Stored data:
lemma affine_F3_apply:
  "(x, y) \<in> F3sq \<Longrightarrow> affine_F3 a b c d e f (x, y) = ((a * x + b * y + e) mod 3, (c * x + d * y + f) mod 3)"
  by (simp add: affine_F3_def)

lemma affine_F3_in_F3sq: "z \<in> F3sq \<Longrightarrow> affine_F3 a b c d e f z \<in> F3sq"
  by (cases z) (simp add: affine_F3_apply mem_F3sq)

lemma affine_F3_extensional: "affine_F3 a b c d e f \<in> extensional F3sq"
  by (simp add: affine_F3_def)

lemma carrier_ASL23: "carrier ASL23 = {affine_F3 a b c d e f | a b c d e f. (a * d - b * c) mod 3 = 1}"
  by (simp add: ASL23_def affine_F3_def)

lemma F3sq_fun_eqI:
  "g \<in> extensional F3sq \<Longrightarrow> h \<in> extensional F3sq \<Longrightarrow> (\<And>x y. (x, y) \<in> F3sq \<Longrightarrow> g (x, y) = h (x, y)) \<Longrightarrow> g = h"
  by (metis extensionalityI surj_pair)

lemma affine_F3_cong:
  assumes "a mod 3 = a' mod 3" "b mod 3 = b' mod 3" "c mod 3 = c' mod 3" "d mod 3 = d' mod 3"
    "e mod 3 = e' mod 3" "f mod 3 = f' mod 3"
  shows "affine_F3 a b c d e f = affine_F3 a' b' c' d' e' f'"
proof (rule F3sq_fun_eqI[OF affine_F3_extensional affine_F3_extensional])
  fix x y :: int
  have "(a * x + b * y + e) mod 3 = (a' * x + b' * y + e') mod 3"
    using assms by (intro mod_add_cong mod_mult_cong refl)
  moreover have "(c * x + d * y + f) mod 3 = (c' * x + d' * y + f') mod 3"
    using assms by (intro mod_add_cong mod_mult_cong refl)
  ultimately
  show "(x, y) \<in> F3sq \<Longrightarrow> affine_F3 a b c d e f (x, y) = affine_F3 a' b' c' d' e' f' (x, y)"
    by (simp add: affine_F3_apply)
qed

(TASK TO CARRY OUT):
Provide an exact transcript of the lines from the one that holds "proof (rule F3sq_fun_eqI[OF" through the final line of the data above.

(SOLUTION TO THIS PROBLEM):
proof (rule F3sq_fun_eqI[OF affine_F3_extensional affine_F3_extensional])
  fix x y :: int
  have "(a * x + b * y + e) mod 3 = (a' * x + b' * y + e') mod 3"
    using assms by (intro mod_add_cong mod_mult_cong refl)
  moreover have "(c * x + d * y + f) mod 3 = (c' * x + d' * y + f') mod 3"
    using assms by (intro mod_add_cong mod_mult_cong refl)
  ultimately
  show "(x, y) \<in> F3sq \<Longrightarrow> affine_F3 a b c d e f (x, y) = affine_F3 a' b' c' d' e' f' (x, y)"
    by (simp add: affine_F3_apply)
qed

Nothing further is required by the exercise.